Current system arch around RabbitMQ
We have a cluster of queues and exchanges to support a message.
- Main exchange: This is where messages are received from message producers for processing the first time. This can be a topic or fanout (Current issue is about the fanouts)
- Main Queue(s): This is the queue from which the consumer picks the message for processing.
- Dead exchange and queue: Simple basic setup for the bad messages.
- Delay queue: This is the queue which gets the messages from the consumer if needs to be re-tried. Messages in this queue have a specific ttl and the dead exchange for this queue is “Main exchange”. Nobody listen to this queue, message just sit to expire and moved to “Main exchange”.
- Error Queue: The messages which unable to process even after retry goes here. Again currently nobody listen to them.
Problem Scenario with above setup:
Say I have a fanout “foo-exchange” which sends messages to queues “bar” and “baz”. Let’s say a message comes in, and it’s valid, and “bar” processes it successfully, but “baz” fails for some reason (maybe an external service is down) and we want to retry it after 5 minutes. The message from “baz” is sent to back to “foo-exchange” (via the delay queue) which then not only sends it back to “baz”, but “bar” as well.
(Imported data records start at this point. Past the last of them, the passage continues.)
lemma simple_path_chord_cases:
  assumes "is_simple_path F p" "b \<in> set p" "b \<noteq> last p" "{b, last p} \<in> F"
  obtains p' where "p = p' @ [last p]" "p' \<noteq> []" "last p' = b"
  | c where "is_simple_cycle F c" "length c \<le> length p"
proof -
  obtain p' z where p': "p = p' @ [z]"
    using assms(2) by (cases p rule: rev_cases) auto
  then have "b \<in> set p'" "last p = z"
    using assms(2,3) by auto
  then obtain i where i: "i < length p'" "p' ! i = b"
    by (auto simp: in_set_conv_nth)
  show ?thesis
  proof (cases "i + 1 < length p'")
    case True
    have "{last p, p ! i} \<in> F" "i + 2 < length p"
      using assms(4) p' i True \<open>last p = z\<close> by (simp_all add: nth_append insert_commute)
    then have "is_simple_cycle F (drop i p)"
      using is_simple_cycle_drop[OF assms(1)] by blast
    then show ?thesis
      using that(2) by simp
  next
    case False
    then have "p' \<noteq> []" "i = length p' - 1"
      using i(1) by auto
    then have "p' \<noteq> []" "last p' = b"
      using i(2) by (auto simp: last_conv_nth)
    then show ?thesis
      using that(1)[of p'] p' \<open>last p = z\<close> by simp
  qed
qed

lemma simple_cycle_of_distinct_paths:
  assumes "is_simple_path F p" "is_simple_path F q" "hd p = hd q" "last p = last q" "p \<noteq> q"
  shows "\<exists>c. is_simple_cycle F c \<and> length c + 2 \<le> length p + length q"
proof -
  have "q \<noteq> []"
    using assms(2) by (simp add: is_simple_path_def)
  then show ?thesis
    using assms
  proof (induction q arbitrary: p rule: rev_nonempty_induct)
    case (single z)
    then show ?case
      using distinct_hd_eq_last[of p] by (auto simp: is_simple_path_def)
  next
    case (snoc z q)
    define b where "b = last q"
    have p: "p \<noteq> []" "last p = z"
      using snoc.prems by (auto simp: is_simple_path_def)
    have q: "is_simple_path F q" "z \<notin> set q" "{b, z} \<in> F" "b \<in> set q" "hd q = hd p"
      using snoc.hyps snoc.prems is_simple_path_snoc_iff[of q F z] by (auto simp: b_def)
    show ?case
    proof (cases "b \<in> set p")
      case True
      have "b \<noteq> last p" "{b, last p} \<in> F"
        using p(2) q(2-4) by auto
      with snoc.prems(1) True show ?thesis
      proof (cases rule: simple_path_chord_cases)
        case (1 p')
        then obtain c where "is_simple_cycle F c" "length c + 2 \<le> length p' + length q"
          using snoc.IH[of p'] q(1,5) snoc.prems(1,5) p(2) is_simple_path_snoc_iff[of p' F z]
          by (auto simp: b_def)
        moreover have "length p = length p' + 1"
          using 1(1) by (metis length_append_singleton Suc_eq_plus1)
        ultimately show ?thesis
          by auto
      next
        case (2 c)
        then show ?thesis
          using snoc.hyps by (cases q) auto
      qed
    next
      case False
      have "is_simple_path F (p @ [b])"
        using is_simple_path_snoc_iff[of p F b] snoc.prems(1) p q(3) False by (simp add: insert_commute)
      moreover have "p @ [b] \<noteq> q"
        using p q(2) last_in_set by fastforce
      moreover have "hd (p @ [b]) = hd q" "last (p @ [b]) = last q"
        using p(1) q(5) by (simp_all add: b_def)
      ultimately obtain c where "is_simple_cycle F c" "length c + 2 \<le> length (p @ [b]) + length q"
        using snoc.IH[of "p @ [b]"] q(1) by blast
      then show ?thesis
        by auto
    qed
  qed
qed
theorem gDrazin_inverse_Cline:
  fixes U :: "'b::complex_normed_vector \<Rightarrow> 'a::complex_normed_vector" and V :: "'a \<Rightarrow> 'b"
  assumes U: "clin_op U" and V: "clin_op V" and y: "gDrazin_inverse (\<lambda>x. V (U x)) y"
  shows "gDrazin_inverse (\<lambda>x. U (V x)) (\<lambda>x. U (y (y (V x))))"
proof -
  have blU: "bounded_linear U" and blV: "bounded_linear V" and bly: "bounded_linear y"
    using U V gDrazin_inverseD(1)[OF y] by (auto dest: clin_op_bounded_linear)
  note y_simps = gDrazin_inverseD(3,4)[OF y]
  define p where "p w = w - y (V (U w))" for w
  define g where "g w = V (U w) - V (U (V (U (y w))))" for w
  define F where "F x = U (V x) - U (V (U (V (U (y (y (V x)))))))" for x
  have F_eq: "F x = U (p (V x))" for x
    unfolding F_def p_def by (simp add: linear_simps[OF blU] y_simps)
  have "F ^^ Suc n = U \<circ> g ^^ n \<circ> (\<lambda>x. p (V x))" for n
  proof (induction n)
    case (Suc n)
    have "p (V (U w)) = g w" for w unfolding p_def g_def by (simp add: y_simps)
    with Suc show ?case by (auto simp: fun_eq_iff F_eq)
  qed (auto simp: fun_eq_iff F_eq)
  moreover have "bounded_linear p" unfolding p_def[abs_def]
    by (intro bounded_linear_sub bounded_linear_ident bounded_linear_compose[OF bly]
        bounded_linear_compose[OF blV blU])
  moreover have "bounded_linear g" unfolding g_def[abs_def]
    by (intro bounded_linear_sub bounded_linear_compose[OF blV] bounded_linear_compose[OF blU] bly blU blV)
  moreover have "bounded_linear F" unfolding F_def[abs_def]
    by (intro bounded_linear_sub bounded_linear_compose[OF blU] bounded_linear_compose[OF blV]
        bounded_linear_compose[OF bly] blV)
  ultimately have "quasinilpotent_op F"
    using quasinilpotent_op_factor_powers[OF _ blU bounded_linear_compose[OF _ blV] _ gDrazin_inverseD(5)[OF y]]
    unfolding g_def[abs_def] by blast
  then show ?thesis
    using clin_op_compose[OF U clin_op_compose[OF gDrazin_inverseD(1)[OF y]
        clin_op_compose[OF gDrazin_inverseD(1)[OF y] V]]]
    unfolding gDrazin_inverse_def F_def[abs_def] by (auto simp: y_simps)
qed

subsection \<open>Lower triangular operator matrices\<close>

lemma funpow_eq_on_range_idempotent:
  assumes q: "\<And>u. q u = f (p u)" and commute: "\<And>u. p (f u) = f (p u)" and idem: "\<And>u. p (p u) = p u"
  shows "(q ^^ n) (p x) = (f ^^ n) (p x)"
proof (induction n)
  case (Suc n)
  have "(q ^^ Suc n) (p x) = q ((f ^^ n) (p x))" using Suc by simp
  also have "\<dots> = f (p ((f ^^ n) (p x)))" by (rule q)
  also have "\<dots> = (f ^^ Suc n) (p x)"
    using funpow_commute_apply[of f p, OF commute[symmetric]] by (simp add: idem)
  finally show ?case .
qed simp

locale gDrazin_lower_triangular =
  fixes a :: "'x::complex_normed_vector \<Rightarrow> 'x" and \<alpha> :: "'x \<Rightarrow> 'x"
    and b :: "'y::{complex_normed_vector,banach} \<Rightarrow> 'y" and \<beta> :: "'y \<Rightarrow> 'y" and c :: "'x \<Rightarrow> 'y"
  assumes a: "clin_op a" and b: "clin_op b" and c: "clin_op c"
    and \<alpha>: "gDrazin_inverse a \<alpha>" and \<beta>: "gDrazin_inverse b \<beta>"
begin

lemma bounded_linear_ops:
  "bounded_linear a" "bounded_linear b" "bounded_linear c" "bounded_linear \<alpha>" "bounded_linear \<beta>"
  using a b c gDrazin_inverseD(1)[OF \<alpha>] gDrazin_inverseD(1)[OF \<beta>] by (auto dest: clin_op_bounded_linear)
Current implemented solution (we want something better than this!)
We have an exchange per queue to send the retried message back to a specific queue after the retry timeout period.
In this scenario, we have 3 exchanges (“foo-exchange”, “foo-exchange-dead”, “Baz-exchange-retry (1 per queue to fanout exchange)” and 3 queues (“baz-queue”, “baz-queue-delay”, “baz-queue-error” and 1 dead queue for whole exchange (“foo-queue-dead).
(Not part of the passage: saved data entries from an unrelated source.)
(*
  For an up-set D, a down-set I with phi(D, I) \<noteq> 0 can meet D only in minimal elements
  of D, so deg pi(\<Omega>, D) \<le> |\<Omega> - D| + |min D|.  If every element outside D lies below a
  minimal element of D, this bound is attained: (\<Omega> - D) \<union> min D is the only down-set of
  that size with phi \<noteq> 0, and its phi-value is a signed product of \<tau>'s.

  If P is not hierarchical, let l be the largest length of an element u with
  len u + 1 \<le> len v but not u \<le> v for some v.  Let F be the set of elements of length at
  most l + 1 all of whose strict upper bounds have length at least l + 2, and D its
  up-closure; then min D = F and D satisfies the covering condition above.  The violation
  at level l provides t \<in> F and s \<notin> D strictly below some y \<in> F of length l + 1.
  Replacing t by s gives an up-set D' with |D'| = |D|, and by maximality of l every minimal
  element of D' other than s lies in F - {t, y}.  Hence deg pi(\<Omega>, D') < deg pi(\<Omega>, D),
  although the two polynomials must coincide.
*)

theory Submission
  imports Defs
begin

definition minel :: "('a \<Rightarrow> 'a \<Rightarrow> bool) \<Rightarrow> 'a set \<Rightarrow> 'a set" where
  "minel le D = {d \<in> D. \<forall>e\<in>D. le e d \<longrightarrow> e = d}"

lemma minel_subset: "minel le D \<subseteq> D"
  by (auto simp: minel_def)

lemma dual_ideals_subset: "D \<in> dual_ideals \<Omega> le \<Longrightarrow> D \<subseteq> \<Omega>"
  by (simp add: dual_ideals_def)

lemma dual_ideals_upward: "D \<in> dual_ideals \<Omega> le \<Longrightarrow> i \<in> D \<Longrightarrow> j \<in> \<Omega> \<Longrightarrow> le i j \<Longrightarrow> j \<in> D"
  by (simp add: dual_ideals_def)
lemma complex_radon_small:
  assumes "complex_radon \<mu>" "compact K" "e > 0"
  obtains \<delta> where "\<delta> > 0"
    "\<And>f. f \<in> Cc \<Longrightarrow> {x. f x \<noteq> 0} \<subseteq> K \<Longrightarrow> (\<And>x. cmod (f x) \<le> \<delta>) \<Longrightarrow> cmod (\<mu> f) < e"
proof -
  have "\<forall>K. compact K \<longrightarrow> (\<exists>C. \<forall>f\<in>Cc. {x. f x \<noteq> 0} \<subseteq> K \<longrightarrow>
          cmod (\<mu> f) \<le> C * (SUP x. cmod (f x)))"
    using assms(1) unfolding complex_radon_def by (elim conjE)
  then obtain C where C: "\<forall>f\<in>Cc. {x. f x \<noteq> 0} \<subseteq> K \<longrightarrow> cmod (\<mu> f) \<le> C * (SUP x. cmod (f x))"
    using assms(2) by auto
  have pos: "max C 0 + 1 > 0" by simp
  define \<delta> where "\<delta> = e / (max C 0 + 1)"
  have \<delta>: "\<delta> > 0" using assms(3) pos by (simp add: \<delta>_def)
  show ?thesis
  proof (rule that)
    show "\<delta> > 0" by (rule \<delta>)
    fix f assume f: "f \<in> Cc" "{x. f x \<noteq> 0} \<subseteq> K" and small: "\<And>x. cmod (f x) \<le> \<delta>"
    have sup_le: "(SUP x. cmod (f x)) \<le> \<delta>" by (rule cSUP_least) (simp_all add: small)
    have "bdd_above (range (\<lambda>x. cmod (f x)))" by (rule bdd_aboveI2) (rule small)
    then have "cmod (f 0) \<le> (SUP x. cmod (f x))" by (rule cSUP_upper[rotated]) simp
    then have sup_ge: "0 \<le> (SUP x. cmod (f x))" by (rule order_trans[OF norm_ge_zero])
    have "cmod (\<mu> f) \<le> C * (SUP x. cmod (f x))" using C f by blast
    also have "\<dots> \<le> max C 0 * \<delta>" using sup_le sup_ge by (intro mult_mono) auto
    also have "\<dots> < (max C 0 + 1) * \<delta>" using \<delta> by simp
    also have "\<dots> = e" using pos by (simp add: \<delta>_def)
    finally show "cmod (\<mu> f) < e" .
  qed
qed

lemma complex_radon_tendsto_uniform_limit:
  assumes \<mu>: "complex_radon \<mu>" and K: "compact K"
    and fs: "\<And>n. fs n \<in> Cc" "\<And>n. {x. fs n x \<noteq> 0} \<subseteq> K"
    and f: "f \<in> Cc" "{x. f x \<noteq> 0} \<subseteq> K"
    and lim: "uniform_limit UNIV fs f sequentially"
  shows "(\<lambda>n. \<mu> (fs n)) \<longlonglongrightarrow> \<mu> f"
proof (rule tendstoI)
  fix e :: real assume "e > 0"
  then obtain \<delta> where \<delta>: "\<delta> > 0" and small:
    "\<And>h. h \<in> Cc \<Longrightarrow> {x. h x \<noteq> 0} \<subseteq> K \<Longrightarrow> (\<And>x. cmod (h x) \<le> \<delta>) \<Longrightarrow> cmod (\<mu> h) < e"
    using complex_radon_small[OF \<mu> K] by metis
  from uniform_limitD[OF lim \<delta>]
  show "eventually (\<lambda>n. dist (\<mu> (fs n)) (\<mu> f) < e) sequentially"
  proof eventually_elim
    case (elim n)
    have "{x. fs n x - f x \<noteq> 0} \<subseteq> K" using support_subset_Un[OF fs(2) f(2), where h="\<lambda>x. fs n x - f x"] by simp
    then have "cmod (\<mu> (\<lambda>x. fs n x - f x)) < e"
      using elim by (intro small Cc_diff fs f) (auto simp: dist_norm less_imp_le)
    then show ?case using complex_radon_diff[OF \<mu> fs(1) f(1)] by (simp add: dist_norm)
  qed
qed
This setup is for 1 queue to fanout and will increase considerably which a fanout exchange have multiple consumer queues.
So, we need a solution which can decrease this complex setup into some manageable queues and exchanges
Things we already looked into:
- x-delay-exchange: This is not a good solution for us as this doesn’t tell how many messages are waiting to process again. We need to know how many to retry in case of external failure. (https://github.com/rabbitmq/rabbitmq-delayed-message-exchange)
- Message ttl to main queue: This blocks all messages behind the delayed message.